For the SQL (relational) adapters, `oso.authorized_query(me, "read", Org)` would return a pre-authorized query to which you could append more conditions if required:

```py

# NOTE This is code for the SQLAlchemy adapter, it doesn't work for Mongo

q = oso.authorized_query(user, "read", Org)

q = q.skip(0).limit(10)

return q.all()

```

However, this relies on the SQLAlchemy and Django ORMs allowing chaining of operations (for example, on Django, `Org.objects.filter(name="").filter(num_members__lt=50)[:10]` is a valid query, and it employs some sort of [fluent interface](https://www.martinfowler.com/bliki/FluentInterface.html) pattern.

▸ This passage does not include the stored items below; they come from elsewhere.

theorem proposition1:
  fixes p :: nat and absval :: "'k::field_char_0 \<Rightarrow> real"
    and \<mu> :: "('n::finite \<Rightarrow> 'k) measure"
    and d :: nat and c :: "('n \<Rightarrow> nat) \<Rightarrow> 'k"
    and \<beta> :: real and M :: nat
  assumes Qp: "is_Qp p absval"
    and haar: "is_padic_haar absval \<mu>"
    and beta: "\<beta> > 0"
    and coeffs_Zp: "\<forall>\<alpha>. absval (c \<alpha>) \<le> 1"
    and nonconst: "d \<ge> 1" "\<exists>\<alpha>. sum \<alpha> UNIV = d \<and> c \<alpha> \<noteq> 0"
    and elliptic: "\<forall>\<xi>. hpoly d c \<xi> = 0 \<longleftrightarrow> \<xi> = (\<lambda>_. 0)"
    and Mpos: "M > 0"
    and Mbound: "\<forall>\<xi>. (\<forall>i. absval (\<xi> i) \<le> 1) \<and> (\<exists>i. absval (\<xi> i) = 1)
                  \<longrightarrow> absval (hpoly d c \<xi>) \<ge> real p powr (- real M)"
  shows "\<exists>C>0. \<forall>x t. x \<noteq> (\<lambda>_. 0) \<and> t > 0 \<and>
           real p powr ((real M + 1) * real d * \<beta>) * t * pnorm absval x powr (- real d * \<beta>) \<le> 1
           \<longrightarrow> cmod (Zkernel p absval \<mu> (hpoly d c) \<beta> x t)
                 \<le> C * t * pnorm absval x powr (- real d * \<beta> - real CARD('n))"
proof -
  \<comment> \<open>Only \<open>Qp\<close>, \<open>haar\<close>, \<open>beta\<close>, \<open>coeffs_Zp\<close> and \<open>Mbound\<close> are needed: the bound holds
    without the smallness condition on \<open>t\<close>, and ellipticity follows from \<open>Mbound\<close>.\<close>
  interpret padic_heat_kernel p absval d c M \<mu>
    using Qp haar coeffs_Zp Mbound by unfold_locales
  define C where "C = real p ^ CARD('n) * real p powr ((real M + 1) * (real d * \<beta> + real CARD('n)))"
  have "C > 0"
    using p_pos by (simp add: C_def)
  moreover have "cmod (Zkernel p absval \<mu> (hpoly d c) \<beta> x t)
      \<le> C * t * pnorm absval x powr (- real d * \<beta> - real CARD('n))" if "x \<noteq> (\<lambda>_. 0)" "t > 0" for x t
    using norm_Zkernel_le[of \<beta> t x] beta that by (simp add: C_def)
  ultimately show ?thesis
    by blast
qed
(* Let $(X,\mathcal L,d)$ be a reduced Birkhoff--Beatley system whose vertical extension is drop complete and has finite Carathéodory number $\kappa$, let $D\subseteq X$ be a nonempty convex set, and let $f,g\colon D\to\mathbb R$. Suppose that for all $n\in\mathbb N$ with $1\le n\le\kappa$, all $x_0,x_1,\dots,x_n\in D$, all $x\in\operatorname{conv}\{x_1,\dots,x_n\}$ and all $t\in[0,1]$, $$f(c(t))\le(1-t)g(x_0)+t f(x),$$ where $c\colon[0,1]\to D$ is the standard parametrization of $[x_0,x]$. Then there exists a segment convex function $\phi\colon D\to\mathbb R$ with $f\le\phi\le g$ on $D$.
   Context: A reduced Birkhoff--Beatley system is a triple $(X,\mathcal L,d)$ where $X$ is a set with at least two elements, $\mathcal L$ is a family of subsets of $X$ (lines), and $d\colon X^2\to\mathbb R$ is a function, such that: (i) any two distinct points lie in a unique line of $\mathcal L$; (ii) for each $\ell\in\mathcal L$ there is a bijection $c\colon\mathbb R\to\ell$ (a ruler) with $d(c(t),c(s))=|t-s|$. For $a,b,t\in X$, write $(atb)$ if $a,t,b$ are three distinct collinear points with $d(a,b)=d(a,t)+d(t,b)$. The segment $[a,b]$ is $\{a\}$ if $a=b$, and $\{t\mid (atb)\}\cup\{a,b\}$ otherwise. If $a\ne b$, $\ell$ is the line through them and $c$ a ruler for $\ell$ with $c(\alpha)=a$, $c(\beta)=b$, the standard parametrization of $[a,b]$ is $\tilde c\colon[0,1]\to[a,b]$, $\tilde c(t)=c((\beta-\alpha)t+\alpha)$; if $a=b$ it is the constant map $a$. A set $K$ is convex if $[a,b]\subseteq K$ for all $a,b\in K$; $\operatorname{conv}(H)$ is the intersection of all convex sets containing $H$. For a nonempty convex $D$, a function $\phi\colon D\to\mathbb R$ is segment convex if $\phi(c(t))\le(1-t)\phi(x_0)+t\phi(x_1)$ for all $x_0,x_1\in D$, $t\in[0,1]$, where $c$ is the standard parametrization of $[x_0,x_1]$. The system is drop complete if for every convex $K\subseteq X$ and every $x_0\in X$, $\operatorname{conv}(\{x_0\}\cup K)=\bigcup\{[x_0,x]\mid x\in K\}$. The Carathéodory number of a system is the least $\kappa$ such that for every subset $H$ and every $x\in\operatorname{conv}(H)$ there is $F\subseteq H$ with $\operatorname{card}(F)\le\kappa$ and $x\in\operatorname{conv}(F)$ ($+\infty$ if no such $\kappa$ exists). The vertical extension is $(X^*,\mathcal L^*,d^* )$ with $X^*=X\times\mathbb R$, $d^*((x_0,y_0),(x_1,y_1))=\sqrt{d(x_0,x_1)^2+(y_0-y_1)^2}$, and lines: for $(x_0,y_0)\ne(x_1,y_1)$ with $x_0\ne x_1$, taking a ruler $c$ of the line through $x_0,x_1$ with $c(s_0)=x_0,c(s_1)=x_1$ and $a=((s_0-s_1)^2+(y_0-y_1)^2)^{-1/2}$, the line $\{(c(at(s_1-s_0)+s_0),\,at(y_1-y_0)+y_0)\mid t\in\mathbb R\}$; for $x_0=x_1$, the line $\{x_0\}\times\mathbb R$. (It is itself a reduced Birkhoff--Beatley system.) *)

theory Defs
  imports Complex_Main
begin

SQLAlchemy does more or less the same). However, on Mongo, doing `db["collname"].aggregate(...)` does NOT return an object on which further `.find()`s, `.skip()`s or `.aggregate()`s can be called, but a cursor that is already (more or less) a finalized query. Therefore, the `authorized_query()` method returns a different set of data:

```py

>>> oso.authorized_query(user, "read", Org)

{'model': Collection(Database(...), 'mydb'), 'orgs'), 'pipeline': [{'$match': {'$or': [...]}}]}

```

The method returns a dictionary with two keys: `model`, that returns the base/root model for the query (the result of `db["mycoll"]`); and `pipeline`, that returns a dictionary that can be plugged into a `.aggregate()` method call or extended with further stages beforehand. An example of usage with search and skip-limit pagination would be:

```

# These could come from the query string, if developing a web application

search_term = "Inc."

skip = 0

limit = 10

# SQLAlchemy adapter

ilike = "%{}%".format(search_term)

q = oso.authorized_query(user, "read", Org).filter(Org.name.ilike(ilike)).limit(limit).offset(skip)

return q.all()

# Django adapter

q = oso.authorized_query(user, "read", Org).filter(name__icontains=search_term)

return q[skip:limit]

# MongoAdapter

q = oso.authorized_query(user, "read", Org)

# Extend the pipeline with some more filter and pagination stages

pipeline = q["pipeline"] + [

    {"$match": {"name": re.compile(search_term, re.IGNORECASE)}},

    { "$skip": skip },

    { "$limit": limit },

]

return list(q["model"].aggregate(pipeline))

```

### Filtering

A single [`$match` stage](https://www.mongodb.com/docs/manual/reference/operator/aggregation/match/) is used to apply the filters. Inside the stage, the conditions are expressed as a disjunction of conjunctions, AKA `(x1 AND x2) OR (y1) OR (z1 AND z2 AND z3) OR ...`, AKA [conjunctive normal form](https://en.wikipedia.org/wiki/Conjunctive_normal_form). 

Some optimizations are used to remove useless operators: for example, in `OR(AND(x1, x2), AND(y1), AND(z1, z2, z3), ...)`, the `AND(y1)` part can be replaced by `y1`.

### Lookups (cross-collection data)

In case your policies require jumping across collections, [`$lookup` stages](https://www.mongodb.com/docs/manual/reference/operator/aggregation/lookup/) and [`$unwind` stages](https://www.mongodb.com/docs/manual/reference/operator/aggregation/unwind/) are added as required. These serve the function of a `JOIN` statement in a SQL database, in that they take an ID field in a document and replace it with a full document that comes from another collection.